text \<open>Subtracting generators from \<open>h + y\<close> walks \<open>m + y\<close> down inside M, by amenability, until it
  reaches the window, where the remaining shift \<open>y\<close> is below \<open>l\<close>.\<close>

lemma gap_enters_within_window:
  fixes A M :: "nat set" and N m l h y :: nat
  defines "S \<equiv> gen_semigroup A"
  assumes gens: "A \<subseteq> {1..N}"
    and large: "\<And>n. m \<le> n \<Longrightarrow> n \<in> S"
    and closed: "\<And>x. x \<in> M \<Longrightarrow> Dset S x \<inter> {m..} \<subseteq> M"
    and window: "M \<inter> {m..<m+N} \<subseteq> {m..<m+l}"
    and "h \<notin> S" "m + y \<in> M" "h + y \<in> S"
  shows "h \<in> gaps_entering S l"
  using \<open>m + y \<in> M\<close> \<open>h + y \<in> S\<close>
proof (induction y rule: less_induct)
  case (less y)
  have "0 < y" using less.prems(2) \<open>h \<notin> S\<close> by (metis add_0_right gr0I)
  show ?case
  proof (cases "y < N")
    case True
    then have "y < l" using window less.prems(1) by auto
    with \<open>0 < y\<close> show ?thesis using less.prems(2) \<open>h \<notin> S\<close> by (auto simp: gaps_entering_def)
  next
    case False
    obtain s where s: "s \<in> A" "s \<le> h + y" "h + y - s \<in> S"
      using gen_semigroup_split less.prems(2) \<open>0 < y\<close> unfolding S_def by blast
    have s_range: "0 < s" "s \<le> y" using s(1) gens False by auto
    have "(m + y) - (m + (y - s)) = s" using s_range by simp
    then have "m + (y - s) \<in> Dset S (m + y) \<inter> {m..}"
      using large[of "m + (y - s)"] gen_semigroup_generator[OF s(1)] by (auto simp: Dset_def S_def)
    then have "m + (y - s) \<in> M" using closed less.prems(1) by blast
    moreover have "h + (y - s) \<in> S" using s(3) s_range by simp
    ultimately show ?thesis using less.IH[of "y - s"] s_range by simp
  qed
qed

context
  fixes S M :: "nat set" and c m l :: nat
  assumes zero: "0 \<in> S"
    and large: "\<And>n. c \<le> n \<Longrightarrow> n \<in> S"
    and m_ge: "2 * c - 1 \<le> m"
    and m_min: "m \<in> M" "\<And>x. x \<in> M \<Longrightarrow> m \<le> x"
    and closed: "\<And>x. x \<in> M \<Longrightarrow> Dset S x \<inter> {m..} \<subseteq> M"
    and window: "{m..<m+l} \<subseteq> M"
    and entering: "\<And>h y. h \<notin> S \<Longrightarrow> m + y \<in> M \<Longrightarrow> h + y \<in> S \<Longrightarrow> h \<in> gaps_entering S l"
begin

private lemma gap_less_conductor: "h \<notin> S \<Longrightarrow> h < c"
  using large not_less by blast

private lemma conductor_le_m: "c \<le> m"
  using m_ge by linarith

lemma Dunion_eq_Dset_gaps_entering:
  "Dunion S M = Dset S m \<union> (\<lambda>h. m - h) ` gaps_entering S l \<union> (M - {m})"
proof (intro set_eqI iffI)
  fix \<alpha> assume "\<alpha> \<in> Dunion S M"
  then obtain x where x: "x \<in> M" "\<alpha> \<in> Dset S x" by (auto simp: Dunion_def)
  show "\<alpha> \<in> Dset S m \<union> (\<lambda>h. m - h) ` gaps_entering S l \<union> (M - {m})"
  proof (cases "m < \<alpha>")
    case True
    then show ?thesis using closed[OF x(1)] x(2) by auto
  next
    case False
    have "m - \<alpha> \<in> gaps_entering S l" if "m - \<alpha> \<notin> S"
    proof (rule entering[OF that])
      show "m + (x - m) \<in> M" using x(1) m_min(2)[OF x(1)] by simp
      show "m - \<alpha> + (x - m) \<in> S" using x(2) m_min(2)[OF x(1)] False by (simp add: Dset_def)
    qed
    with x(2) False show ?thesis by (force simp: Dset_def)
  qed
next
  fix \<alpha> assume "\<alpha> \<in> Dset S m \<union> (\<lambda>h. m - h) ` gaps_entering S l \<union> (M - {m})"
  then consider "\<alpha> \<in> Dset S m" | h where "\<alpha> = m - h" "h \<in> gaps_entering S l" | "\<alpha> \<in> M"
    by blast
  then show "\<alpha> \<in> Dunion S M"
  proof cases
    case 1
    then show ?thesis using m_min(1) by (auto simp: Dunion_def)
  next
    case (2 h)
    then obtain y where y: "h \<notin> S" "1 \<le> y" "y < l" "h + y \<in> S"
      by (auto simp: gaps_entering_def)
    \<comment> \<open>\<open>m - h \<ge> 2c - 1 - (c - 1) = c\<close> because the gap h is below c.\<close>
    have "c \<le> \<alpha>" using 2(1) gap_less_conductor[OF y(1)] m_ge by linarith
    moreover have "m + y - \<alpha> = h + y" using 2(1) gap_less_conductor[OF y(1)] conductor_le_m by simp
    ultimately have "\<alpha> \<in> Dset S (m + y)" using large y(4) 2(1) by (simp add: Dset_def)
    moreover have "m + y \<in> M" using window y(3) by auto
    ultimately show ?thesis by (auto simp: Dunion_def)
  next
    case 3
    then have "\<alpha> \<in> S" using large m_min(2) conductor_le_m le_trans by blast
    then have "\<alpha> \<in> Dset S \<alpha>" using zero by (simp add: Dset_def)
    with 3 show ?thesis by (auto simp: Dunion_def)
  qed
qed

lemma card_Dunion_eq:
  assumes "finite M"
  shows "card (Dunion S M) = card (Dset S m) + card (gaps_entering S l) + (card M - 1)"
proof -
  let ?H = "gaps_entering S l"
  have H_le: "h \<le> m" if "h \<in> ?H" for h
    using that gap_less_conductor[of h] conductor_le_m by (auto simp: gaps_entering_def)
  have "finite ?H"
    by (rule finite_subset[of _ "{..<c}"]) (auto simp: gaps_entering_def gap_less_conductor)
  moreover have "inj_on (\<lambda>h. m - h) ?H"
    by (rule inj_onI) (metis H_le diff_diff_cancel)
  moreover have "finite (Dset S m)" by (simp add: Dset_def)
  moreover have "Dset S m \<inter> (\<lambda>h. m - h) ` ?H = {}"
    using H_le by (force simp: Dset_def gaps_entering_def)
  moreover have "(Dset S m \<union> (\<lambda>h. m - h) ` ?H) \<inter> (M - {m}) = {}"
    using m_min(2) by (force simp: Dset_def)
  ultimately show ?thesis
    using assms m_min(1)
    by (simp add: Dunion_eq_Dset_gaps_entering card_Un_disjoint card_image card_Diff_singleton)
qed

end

...

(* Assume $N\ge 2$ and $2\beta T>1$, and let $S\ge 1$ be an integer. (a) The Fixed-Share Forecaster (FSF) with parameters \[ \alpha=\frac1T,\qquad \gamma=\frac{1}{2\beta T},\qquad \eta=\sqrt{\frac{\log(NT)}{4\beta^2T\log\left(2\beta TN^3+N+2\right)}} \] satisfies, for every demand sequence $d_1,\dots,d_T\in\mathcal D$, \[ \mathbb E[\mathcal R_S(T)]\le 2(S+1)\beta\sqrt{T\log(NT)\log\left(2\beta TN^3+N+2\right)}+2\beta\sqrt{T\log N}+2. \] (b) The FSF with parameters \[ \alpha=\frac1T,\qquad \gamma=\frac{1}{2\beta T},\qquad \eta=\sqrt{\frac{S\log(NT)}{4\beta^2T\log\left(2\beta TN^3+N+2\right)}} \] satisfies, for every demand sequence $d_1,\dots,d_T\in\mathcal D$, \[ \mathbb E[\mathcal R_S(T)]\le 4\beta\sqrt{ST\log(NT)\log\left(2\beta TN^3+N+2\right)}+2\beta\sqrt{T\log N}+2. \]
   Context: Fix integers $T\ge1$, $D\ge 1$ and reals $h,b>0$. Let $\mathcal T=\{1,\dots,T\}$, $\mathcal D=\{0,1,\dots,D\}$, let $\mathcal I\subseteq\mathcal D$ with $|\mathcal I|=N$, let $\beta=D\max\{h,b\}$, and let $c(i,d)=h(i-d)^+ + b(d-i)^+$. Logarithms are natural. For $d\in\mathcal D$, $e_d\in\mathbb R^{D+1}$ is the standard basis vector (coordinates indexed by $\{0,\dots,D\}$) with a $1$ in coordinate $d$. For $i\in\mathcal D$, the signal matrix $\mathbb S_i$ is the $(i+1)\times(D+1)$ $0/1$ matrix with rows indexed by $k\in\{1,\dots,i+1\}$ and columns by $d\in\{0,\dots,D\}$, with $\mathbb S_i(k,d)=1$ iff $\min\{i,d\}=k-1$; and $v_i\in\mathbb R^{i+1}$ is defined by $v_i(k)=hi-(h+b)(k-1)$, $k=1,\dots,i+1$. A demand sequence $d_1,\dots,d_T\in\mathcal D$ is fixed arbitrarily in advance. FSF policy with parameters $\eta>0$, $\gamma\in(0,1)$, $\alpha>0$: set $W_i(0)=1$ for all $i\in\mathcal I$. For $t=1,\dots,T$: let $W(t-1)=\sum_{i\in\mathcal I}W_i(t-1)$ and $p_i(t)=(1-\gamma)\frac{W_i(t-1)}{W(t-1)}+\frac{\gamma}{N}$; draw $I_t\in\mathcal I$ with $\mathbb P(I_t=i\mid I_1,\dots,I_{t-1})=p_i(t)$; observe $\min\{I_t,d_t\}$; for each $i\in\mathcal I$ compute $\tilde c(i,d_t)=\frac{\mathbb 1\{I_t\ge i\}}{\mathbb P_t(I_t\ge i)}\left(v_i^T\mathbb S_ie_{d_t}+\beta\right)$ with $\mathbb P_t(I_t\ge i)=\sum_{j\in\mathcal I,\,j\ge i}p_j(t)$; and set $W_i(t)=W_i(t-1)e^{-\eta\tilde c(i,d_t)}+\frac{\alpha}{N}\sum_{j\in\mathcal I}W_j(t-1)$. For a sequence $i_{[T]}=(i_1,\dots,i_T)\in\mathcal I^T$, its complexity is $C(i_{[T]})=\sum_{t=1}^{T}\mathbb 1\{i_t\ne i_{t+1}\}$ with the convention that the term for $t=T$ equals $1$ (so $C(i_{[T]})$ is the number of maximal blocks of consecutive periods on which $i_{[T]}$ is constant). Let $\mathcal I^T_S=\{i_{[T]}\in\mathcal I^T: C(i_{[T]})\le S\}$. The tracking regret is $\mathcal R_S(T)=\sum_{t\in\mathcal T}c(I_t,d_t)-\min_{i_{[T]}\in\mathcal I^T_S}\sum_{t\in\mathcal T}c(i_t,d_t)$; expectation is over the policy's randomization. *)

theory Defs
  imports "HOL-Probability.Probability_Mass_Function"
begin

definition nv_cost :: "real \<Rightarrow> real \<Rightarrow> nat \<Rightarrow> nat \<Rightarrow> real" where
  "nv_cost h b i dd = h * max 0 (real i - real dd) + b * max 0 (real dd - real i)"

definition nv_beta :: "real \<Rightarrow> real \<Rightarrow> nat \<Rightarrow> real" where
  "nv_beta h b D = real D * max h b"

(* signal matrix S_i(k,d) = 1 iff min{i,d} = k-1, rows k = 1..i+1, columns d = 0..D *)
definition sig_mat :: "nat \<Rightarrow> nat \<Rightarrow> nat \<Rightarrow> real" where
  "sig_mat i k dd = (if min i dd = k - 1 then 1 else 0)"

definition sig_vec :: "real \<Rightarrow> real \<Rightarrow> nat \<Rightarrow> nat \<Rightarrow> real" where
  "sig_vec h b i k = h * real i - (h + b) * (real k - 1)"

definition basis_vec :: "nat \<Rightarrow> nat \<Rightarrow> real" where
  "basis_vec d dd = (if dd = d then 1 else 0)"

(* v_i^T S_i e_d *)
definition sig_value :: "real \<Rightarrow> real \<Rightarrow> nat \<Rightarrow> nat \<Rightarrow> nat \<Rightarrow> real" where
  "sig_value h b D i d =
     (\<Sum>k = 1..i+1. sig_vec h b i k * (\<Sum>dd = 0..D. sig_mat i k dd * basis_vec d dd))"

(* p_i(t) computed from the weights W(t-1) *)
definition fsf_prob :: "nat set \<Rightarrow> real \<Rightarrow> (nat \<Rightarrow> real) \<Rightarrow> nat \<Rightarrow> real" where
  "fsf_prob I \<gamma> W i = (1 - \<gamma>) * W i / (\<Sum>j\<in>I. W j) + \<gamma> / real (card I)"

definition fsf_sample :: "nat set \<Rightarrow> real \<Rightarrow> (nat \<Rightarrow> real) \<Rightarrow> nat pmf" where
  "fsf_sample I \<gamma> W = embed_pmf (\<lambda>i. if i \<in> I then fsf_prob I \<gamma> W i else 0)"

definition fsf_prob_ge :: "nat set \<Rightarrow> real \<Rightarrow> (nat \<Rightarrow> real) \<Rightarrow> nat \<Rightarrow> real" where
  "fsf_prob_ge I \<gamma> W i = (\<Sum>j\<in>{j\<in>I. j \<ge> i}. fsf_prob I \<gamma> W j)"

Your assignment:
Copy out, exactly and alone, the lines of the entries above between the ones holding "S M = Dset S" and "y(1)] m_ge by linarith", inclusive.

Solution for this task:
  "Dunion S M = Dset S m \<union> (\<lambda>h. m - h) ` gaps_entering S l \<union> (M - {m})"
proof (intro set_eqI iffI)
  fix \<alpha> assume "\<alpha> \<in> Dunion S M"
  then obtain x where x: "x \<in> M" "\<alpha> \<in> Dset S x" by (auto simp: Dunion_def)
  show "\<alpha> \<in> Dset S m \<union> (\<lambda>h. m - h) ` gaps_entering S l \<union> (M - {m})"
  proof (cases "m < \<alpha>")
    case True
    then show ?thesis using closed[OF x(1)] x(2) by auto
  next
    case False
    have "m - \<alpha> \<in> gaps_entering S l" if "m - \<alpha> \<notin> S"
    proof (rule entering[OF that])
      show "m + (x - m) \<in> M" using x(1) m_min(2)[OF x(1)] by simp
      show "m - \<alpha> + (x - m) \<in> S" using x(2) m_min(2)[OF x(1)] False by (simp add: Dset_def)
    qed
    with x(2) False show ?thesis by (force simp: Dset_def)
  qed
next
  fix \<alpha> assume "\<alpha> \<in> Dset S m \<union> (\<lambda>h. m - h) ` gaps_entering S l \<union> (M - {m})"
  then consider "\<alpha> \<in> Dset S m" | h where "\<alpha> = m - h" "h \<in> gaps_entering S l" | "\<alpha> \<in> M"
    by blast
  then show "\<alpha> \<in> Dunion S M"
  proof cases
    case 1
    then show ?thesis using m_min(1) by (auto simp: Dunion_def)
  next
    case (2 h)
    then obtain y where y: "h \<notin> S" "1 \<le> y" "y < l" "h + y \<in> S"
      by (auto simp: gaps_entering_def)
    \<comment> \<open>\<open>m - h \<ge> 2c - 1 - (c - 1) = c\<close> because the gap h is below c.\<close>
    have "c \<le> \<alpha>" using 2(1) gap_less_conductor[OF y(1)] m_ge by linarith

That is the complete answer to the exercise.